* _Exercise_
Below are some records. Return exactly the lines from the one with "by (intro qp_abs_scale_diff_eq_p_iff[OF" to the one with "observed variable i", and nothing else.

Stored items from a collection:
+ + +
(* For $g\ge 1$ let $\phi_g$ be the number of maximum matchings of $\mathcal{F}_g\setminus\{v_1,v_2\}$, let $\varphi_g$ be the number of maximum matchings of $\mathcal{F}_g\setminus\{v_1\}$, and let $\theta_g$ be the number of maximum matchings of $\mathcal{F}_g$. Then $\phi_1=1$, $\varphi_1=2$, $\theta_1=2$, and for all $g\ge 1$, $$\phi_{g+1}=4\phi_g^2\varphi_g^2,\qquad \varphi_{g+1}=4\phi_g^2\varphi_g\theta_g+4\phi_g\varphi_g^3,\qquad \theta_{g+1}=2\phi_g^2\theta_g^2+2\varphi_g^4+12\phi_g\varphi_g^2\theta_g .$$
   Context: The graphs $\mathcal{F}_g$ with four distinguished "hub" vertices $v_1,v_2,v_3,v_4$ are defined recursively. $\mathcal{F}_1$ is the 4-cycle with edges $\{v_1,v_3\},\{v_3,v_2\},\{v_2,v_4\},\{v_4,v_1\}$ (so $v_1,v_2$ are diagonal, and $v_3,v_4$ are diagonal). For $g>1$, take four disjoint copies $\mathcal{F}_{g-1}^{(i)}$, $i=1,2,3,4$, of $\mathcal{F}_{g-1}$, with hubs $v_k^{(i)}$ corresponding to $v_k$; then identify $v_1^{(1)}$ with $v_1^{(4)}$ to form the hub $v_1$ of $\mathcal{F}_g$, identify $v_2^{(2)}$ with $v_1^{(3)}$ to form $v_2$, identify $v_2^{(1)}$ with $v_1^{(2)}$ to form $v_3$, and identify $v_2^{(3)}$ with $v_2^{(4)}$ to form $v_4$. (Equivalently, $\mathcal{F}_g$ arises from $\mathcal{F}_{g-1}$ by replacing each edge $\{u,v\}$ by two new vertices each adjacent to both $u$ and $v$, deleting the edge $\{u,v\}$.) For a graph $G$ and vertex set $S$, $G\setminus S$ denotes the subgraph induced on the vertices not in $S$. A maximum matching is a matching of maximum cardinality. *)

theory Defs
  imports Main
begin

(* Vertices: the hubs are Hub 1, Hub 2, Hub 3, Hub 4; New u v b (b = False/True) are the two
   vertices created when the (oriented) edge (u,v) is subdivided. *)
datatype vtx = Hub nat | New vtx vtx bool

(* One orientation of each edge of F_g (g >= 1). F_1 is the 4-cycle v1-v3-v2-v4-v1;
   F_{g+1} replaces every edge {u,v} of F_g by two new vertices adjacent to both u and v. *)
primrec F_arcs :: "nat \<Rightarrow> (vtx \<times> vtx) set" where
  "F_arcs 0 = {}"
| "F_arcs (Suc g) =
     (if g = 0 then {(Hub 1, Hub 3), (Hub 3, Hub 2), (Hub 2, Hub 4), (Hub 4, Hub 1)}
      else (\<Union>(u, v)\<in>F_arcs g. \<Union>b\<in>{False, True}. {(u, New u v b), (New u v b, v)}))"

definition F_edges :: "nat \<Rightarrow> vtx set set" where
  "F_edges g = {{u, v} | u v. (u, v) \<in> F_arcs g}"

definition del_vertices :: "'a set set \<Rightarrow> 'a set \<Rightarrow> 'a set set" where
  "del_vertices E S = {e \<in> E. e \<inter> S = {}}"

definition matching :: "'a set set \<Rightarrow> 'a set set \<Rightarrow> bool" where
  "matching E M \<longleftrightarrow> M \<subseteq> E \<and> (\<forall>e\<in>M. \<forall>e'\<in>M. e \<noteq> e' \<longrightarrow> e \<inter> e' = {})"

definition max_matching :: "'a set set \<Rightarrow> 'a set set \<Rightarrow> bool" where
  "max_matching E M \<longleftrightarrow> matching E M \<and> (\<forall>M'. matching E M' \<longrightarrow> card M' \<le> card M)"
+ + +
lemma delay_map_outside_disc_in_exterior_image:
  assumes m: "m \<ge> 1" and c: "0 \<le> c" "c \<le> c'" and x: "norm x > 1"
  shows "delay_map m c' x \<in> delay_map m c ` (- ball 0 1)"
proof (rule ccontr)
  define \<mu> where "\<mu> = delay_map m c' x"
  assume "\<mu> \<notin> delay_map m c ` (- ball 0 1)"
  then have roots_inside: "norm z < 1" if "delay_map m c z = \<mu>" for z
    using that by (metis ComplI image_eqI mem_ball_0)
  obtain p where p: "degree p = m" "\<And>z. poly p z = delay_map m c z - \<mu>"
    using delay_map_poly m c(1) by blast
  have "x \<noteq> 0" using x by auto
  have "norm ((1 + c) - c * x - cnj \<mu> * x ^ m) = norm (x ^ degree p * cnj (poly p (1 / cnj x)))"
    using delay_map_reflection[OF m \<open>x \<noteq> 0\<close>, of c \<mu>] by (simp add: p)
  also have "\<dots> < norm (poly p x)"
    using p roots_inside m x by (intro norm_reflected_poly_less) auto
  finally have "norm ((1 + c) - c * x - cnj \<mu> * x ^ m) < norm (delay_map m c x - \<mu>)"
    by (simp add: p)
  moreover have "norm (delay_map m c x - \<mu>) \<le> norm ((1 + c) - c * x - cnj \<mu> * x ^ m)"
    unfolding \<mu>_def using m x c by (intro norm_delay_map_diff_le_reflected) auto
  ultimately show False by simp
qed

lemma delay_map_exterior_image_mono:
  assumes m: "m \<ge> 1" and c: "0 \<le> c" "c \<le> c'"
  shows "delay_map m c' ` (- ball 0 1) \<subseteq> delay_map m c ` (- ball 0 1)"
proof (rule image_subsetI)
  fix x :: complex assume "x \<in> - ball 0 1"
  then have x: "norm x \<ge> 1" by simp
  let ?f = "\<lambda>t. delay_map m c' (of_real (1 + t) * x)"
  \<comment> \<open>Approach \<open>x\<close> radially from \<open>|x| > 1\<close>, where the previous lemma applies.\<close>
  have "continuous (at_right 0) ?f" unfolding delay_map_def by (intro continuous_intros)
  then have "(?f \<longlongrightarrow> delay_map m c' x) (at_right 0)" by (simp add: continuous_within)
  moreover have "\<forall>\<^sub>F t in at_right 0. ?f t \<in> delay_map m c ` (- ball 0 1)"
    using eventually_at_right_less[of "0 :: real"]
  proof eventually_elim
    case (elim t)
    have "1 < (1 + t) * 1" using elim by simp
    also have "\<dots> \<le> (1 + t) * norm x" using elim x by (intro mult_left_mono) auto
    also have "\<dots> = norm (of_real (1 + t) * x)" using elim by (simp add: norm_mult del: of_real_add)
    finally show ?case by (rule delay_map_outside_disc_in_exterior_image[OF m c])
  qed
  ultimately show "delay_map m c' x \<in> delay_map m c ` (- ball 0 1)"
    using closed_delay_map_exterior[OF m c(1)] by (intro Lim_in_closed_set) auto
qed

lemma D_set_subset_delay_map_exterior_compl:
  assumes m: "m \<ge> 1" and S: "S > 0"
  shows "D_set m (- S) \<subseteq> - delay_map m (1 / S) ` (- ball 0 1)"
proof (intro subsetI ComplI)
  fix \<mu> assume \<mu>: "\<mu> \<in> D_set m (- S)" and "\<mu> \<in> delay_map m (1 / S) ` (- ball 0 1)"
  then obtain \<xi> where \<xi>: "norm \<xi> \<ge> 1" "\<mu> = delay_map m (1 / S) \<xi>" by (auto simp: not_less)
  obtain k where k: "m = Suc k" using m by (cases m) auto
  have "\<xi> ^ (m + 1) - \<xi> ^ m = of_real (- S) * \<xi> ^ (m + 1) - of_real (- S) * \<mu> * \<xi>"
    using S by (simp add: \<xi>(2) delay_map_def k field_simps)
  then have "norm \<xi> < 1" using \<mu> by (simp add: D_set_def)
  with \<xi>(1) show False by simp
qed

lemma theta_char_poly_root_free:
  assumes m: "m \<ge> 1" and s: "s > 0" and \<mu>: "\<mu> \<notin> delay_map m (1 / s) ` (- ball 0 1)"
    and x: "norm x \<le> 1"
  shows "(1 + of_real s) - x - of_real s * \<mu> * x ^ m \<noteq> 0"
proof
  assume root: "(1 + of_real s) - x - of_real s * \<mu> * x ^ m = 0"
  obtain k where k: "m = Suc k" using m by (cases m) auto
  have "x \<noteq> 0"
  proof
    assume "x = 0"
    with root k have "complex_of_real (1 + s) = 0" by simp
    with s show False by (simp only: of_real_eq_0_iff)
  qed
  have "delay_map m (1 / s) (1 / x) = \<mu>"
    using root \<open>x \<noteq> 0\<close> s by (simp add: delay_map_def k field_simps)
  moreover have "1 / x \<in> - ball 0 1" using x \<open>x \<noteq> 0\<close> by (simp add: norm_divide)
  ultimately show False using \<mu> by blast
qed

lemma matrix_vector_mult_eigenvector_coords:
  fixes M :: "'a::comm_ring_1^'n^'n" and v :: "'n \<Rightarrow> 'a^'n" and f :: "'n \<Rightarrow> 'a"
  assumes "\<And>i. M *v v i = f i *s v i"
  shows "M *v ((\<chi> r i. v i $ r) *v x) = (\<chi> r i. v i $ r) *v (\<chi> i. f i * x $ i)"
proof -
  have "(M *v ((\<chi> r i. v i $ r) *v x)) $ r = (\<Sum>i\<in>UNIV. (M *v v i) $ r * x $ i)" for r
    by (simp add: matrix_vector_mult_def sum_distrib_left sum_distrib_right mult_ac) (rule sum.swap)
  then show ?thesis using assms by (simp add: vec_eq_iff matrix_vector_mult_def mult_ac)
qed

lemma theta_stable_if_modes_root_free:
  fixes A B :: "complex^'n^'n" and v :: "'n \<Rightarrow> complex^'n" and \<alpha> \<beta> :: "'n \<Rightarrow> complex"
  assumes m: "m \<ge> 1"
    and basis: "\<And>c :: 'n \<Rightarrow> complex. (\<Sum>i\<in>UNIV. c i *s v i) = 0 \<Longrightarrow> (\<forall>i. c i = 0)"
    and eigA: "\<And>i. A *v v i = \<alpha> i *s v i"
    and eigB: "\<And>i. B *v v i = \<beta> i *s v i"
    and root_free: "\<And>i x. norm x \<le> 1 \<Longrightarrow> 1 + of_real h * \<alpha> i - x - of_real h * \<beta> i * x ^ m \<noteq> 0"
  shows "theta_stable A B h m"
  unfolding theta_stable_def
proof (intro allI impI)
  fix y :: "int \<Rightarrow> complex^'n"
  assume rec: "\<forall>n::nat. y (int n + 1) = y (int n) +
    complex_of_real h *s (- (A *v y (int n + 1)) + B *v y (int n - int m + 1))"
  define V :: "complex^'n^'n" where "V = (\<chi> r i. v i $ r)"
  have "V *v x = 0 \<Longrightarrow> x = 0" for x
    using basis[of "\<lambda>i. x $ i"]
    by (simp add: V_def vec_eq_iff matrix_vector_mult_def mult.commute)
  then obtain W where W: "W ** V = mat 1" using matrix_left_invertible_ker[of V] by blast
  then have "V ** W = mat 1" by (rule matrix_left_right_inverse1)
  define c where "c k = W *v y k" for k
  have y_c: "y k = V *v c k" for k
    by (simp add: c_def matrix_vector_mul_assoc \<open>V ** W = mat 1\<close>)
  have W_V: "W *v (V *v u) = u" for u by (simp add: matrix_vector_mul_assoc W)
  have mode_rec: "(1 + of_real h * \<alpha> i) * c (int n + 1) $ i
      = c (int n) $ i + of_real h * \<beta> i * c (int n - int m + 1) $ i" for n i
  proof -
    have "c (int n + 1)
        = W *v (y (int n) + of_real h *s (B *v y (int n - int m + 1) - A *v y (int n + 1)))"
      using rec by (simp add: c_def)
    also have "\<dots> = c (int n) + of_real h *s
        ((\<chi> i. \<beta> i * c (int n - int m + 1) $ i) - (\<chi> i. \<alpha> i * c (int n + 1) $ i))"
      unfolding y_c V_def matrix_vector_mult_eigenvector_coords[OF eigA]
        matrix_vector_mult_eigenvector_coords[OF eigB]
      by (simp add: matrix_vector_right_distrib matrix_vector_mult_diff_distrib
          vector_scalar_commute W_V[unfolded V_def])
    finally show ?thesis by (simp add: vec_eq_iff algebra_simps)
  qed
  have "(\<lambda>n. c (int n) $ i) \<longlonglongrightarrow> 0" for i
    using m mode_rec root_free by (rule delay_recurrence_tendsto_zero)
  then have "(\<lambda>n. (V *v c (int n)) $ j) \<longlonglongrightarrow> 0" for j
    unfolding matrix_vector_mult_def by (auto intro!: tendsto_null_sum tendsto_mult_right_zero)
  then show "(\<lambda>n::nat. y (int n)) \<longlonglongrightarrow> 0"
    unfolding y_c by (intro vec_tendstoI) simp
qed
+ + +
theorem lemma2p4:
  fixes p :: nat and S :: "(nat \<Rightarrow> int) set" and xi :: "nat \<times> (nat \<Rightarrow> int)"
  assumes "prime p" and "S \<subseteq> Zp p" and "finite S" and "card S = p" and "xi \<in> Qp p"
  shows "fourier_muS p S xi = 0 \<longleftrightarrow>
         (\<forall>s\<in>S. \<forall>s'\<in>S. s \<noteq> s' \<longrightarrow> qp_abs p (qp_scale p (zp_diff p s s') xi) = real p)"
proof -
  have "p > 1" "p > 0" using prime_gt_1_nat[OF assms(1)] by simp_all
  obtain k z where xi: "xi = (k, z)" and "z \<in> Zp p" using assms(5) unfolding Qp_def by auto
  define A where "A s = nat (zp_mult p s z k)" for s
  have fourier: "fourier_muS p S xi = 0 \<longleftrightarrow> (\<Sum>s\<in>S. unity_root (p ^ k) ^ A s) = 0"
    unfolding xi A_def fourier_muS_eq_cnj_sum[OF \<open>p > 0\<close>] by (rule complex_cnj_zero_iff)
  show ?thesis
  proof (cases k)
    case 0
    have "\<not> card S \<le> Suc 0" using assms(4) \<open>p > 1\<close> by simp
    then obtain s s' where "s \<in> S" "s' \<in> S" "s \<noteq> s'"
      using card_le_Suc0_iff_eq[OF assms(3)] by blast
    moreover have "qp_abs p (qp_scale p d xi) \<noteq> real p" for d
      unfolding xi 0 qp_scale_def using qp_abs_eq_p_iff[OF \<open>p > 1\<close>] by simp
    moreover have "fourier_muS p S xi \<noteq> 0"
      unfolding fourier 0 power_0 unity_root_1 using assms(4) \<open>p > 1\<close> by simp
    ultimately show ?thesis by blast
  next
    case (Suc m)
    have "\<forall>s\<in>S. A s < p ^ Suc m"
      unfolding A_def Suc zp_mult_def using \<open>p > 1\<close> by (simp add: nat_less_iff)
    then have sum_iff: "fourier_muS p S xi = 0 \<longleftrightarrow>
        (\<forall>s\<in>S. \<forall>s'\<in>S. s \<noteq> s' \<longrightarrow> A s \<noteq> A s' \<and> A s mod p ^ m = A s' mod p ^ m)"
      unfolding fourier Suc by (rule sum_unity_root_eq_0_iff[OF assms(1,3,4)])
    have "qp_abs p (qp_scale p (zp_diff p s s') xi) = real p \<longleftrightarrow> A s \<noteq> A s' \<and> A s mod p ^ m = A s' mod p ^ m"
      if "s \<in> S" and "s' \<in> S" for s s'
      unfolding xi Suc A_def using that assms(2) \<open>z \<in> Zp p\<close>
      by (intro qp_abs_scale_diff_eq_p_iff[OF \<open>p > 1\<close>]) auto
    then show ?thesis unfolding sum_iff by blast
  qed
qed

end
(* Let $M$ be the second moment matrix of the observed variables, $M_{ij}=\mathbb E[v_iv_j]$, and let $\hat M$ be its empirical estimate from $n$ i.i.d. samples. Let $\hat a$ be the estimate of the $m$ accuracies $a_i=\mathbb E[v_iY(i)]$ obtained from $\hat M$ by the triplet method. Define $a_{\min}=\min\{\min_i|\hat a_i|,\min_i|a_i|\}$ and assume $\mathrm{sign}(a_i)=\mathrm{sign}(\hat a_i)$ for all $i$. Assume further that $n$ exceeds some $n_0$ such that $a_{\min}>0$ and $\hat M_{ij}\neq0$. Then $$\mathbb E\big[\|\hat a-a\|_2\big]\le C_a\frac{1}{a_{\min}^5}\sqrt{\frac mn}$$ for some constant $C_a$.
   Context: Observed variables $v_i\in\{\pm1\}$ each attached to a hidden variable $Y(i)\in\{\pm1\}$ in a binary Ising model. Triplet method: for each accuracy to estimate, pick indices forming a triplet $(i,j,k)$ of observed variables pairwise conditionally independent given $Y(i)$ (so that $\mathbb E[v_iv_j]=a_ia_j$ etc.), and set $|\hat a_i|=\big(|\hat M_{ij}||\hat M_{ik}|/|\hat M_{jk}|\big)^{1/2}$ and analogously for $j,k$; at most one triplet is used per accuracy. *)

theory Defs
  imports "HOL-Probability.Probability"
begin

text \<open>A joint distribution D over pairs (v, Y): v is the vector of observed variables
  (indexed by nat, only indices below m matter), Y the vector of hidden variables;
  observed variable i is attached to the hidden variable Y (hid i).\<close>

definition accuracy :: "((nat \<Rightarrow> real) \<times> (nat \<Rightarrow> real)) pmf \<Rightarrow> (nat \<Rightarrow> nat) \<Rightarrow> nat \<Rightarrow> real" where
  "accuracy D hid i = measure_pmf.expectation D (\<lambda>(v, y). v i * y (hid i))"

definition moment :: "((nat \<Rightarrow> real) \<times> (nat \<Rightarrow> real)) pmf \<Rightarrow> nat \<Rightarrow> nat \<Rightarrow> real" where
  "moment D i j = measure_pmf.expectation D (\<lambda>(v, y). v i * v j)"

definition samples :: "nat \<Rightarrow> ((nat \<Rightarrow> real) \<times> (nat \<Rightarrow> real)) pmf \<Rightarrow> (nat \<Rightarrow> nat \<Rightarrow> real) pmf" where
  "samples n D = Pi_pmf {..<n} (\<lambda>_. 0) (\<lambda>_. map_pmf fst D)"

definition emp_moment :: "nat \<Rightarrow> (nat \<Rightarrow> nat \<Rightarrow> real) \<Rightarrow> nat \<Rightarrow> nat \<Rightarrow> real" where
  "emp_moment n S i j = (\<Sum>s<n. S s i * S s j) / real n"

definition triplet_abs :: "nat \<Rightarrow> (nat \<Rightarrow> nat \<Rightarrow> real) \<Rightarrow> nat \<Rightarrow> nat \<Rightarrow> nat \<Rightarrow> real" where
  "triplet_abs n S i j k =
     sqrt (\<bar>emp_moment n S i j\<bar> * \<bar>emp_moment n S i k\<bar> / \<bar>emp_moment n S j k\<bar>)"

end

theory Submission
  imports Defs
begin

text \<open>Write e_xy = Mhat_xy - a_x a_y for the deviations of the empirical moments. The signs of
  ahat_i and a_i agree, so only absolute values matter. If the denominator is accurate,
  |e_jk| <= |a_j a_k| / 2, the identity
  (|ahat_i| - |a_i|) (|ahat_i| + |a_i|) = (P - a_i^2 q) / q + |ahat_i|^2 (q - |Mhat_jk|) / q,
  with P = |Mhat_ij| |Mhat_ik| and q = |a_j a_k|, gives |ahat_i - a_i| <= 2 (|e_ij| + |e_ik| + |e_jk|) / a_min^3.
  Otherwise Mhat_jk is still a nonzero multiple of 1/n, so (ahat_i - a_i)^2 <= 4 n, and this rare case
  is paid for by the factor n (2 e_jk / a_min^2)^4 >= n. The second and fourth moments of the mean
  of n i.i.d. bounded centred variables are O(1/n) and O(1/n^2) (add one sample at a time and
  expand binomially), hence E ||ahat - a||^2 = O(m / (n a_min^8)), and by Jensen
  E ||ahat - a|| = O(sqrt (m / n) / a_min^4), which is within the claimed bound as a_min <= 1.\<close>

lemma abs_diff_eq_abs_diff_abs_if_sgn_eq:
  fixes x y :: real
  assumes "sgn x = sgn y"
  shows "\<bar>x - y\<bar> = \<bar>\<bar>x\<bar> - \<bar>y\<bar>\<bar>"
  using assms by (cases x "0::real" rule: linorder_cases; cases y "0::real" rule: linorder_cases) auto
+ + +
* _Task solution_
      by (intro qp_abs_scale_diff_eq_p_iff[OF \<open>p > 1\<close>]) auto
    then show ?thesis unfolding sum_iff by blast
  qed
qed

end
(* Let $M$ be the second moment matrix of the observed variables, $M_{ij}=\mathbb E[v_iv_j]$, and let $\hat M$ be its empirical estimate from $n$ i.i.d. samples. Let $\hat a$ be the estimate of the $m$ accuracies $a_i=\mathbb E[v_iY(i)]$ obtained from $\hat M$ by the triplet method. Define $a_{\min}=\min\{\min_i|\hat a_i|,\min_i|a_i|\}$ and assume $\mathrm{sign}(a_i)=\mathrm{sign}(\hat a_i)$ for all $i$. Assume further that $n$ exceeds some $n_0$ such that $a_{\min}>0$ and $\hat M_{ij}\neq0$. Then $$\mathbb E\big[\|\hat a-a\|_2\big]\le C_a\frac{1}{a_{\min}^5}\sqrt{\frac mn}$$ for some constant $C_a$.
   Context: Observed variables $v_i\in\{\pm1\}$ each attached to a hidden variable $Y(i)\in\{\pm1\}$ in a binary Ising model. Triplet method: for each accuracy to estimate, pick indices forming a triplet $(i,j,k)$ of observed variables pairwise conditionally independent given $Y(i)$ (so that $\mathbb E[v_iv_j]=a_ia_j$ etc.), and set $|\hat a_i|=\big(|\hat M_{ij}||\hat M_{ik}|/|\hat M_{jk}|\big)^{1/2}$ and analogously for $j,k$; at most one triplet is used per accuracy. *)

theory Defs
  imports "HOL-Probability.Probability"
begin

text \<open>A joint distribution D over pairs (v, Y): v is the vector of observed variables
  (indexed by nat, only indices below m matter), Y the vector of hidden variables;
  observed variable i is attached to the hidden variable Y (hid i).\<close>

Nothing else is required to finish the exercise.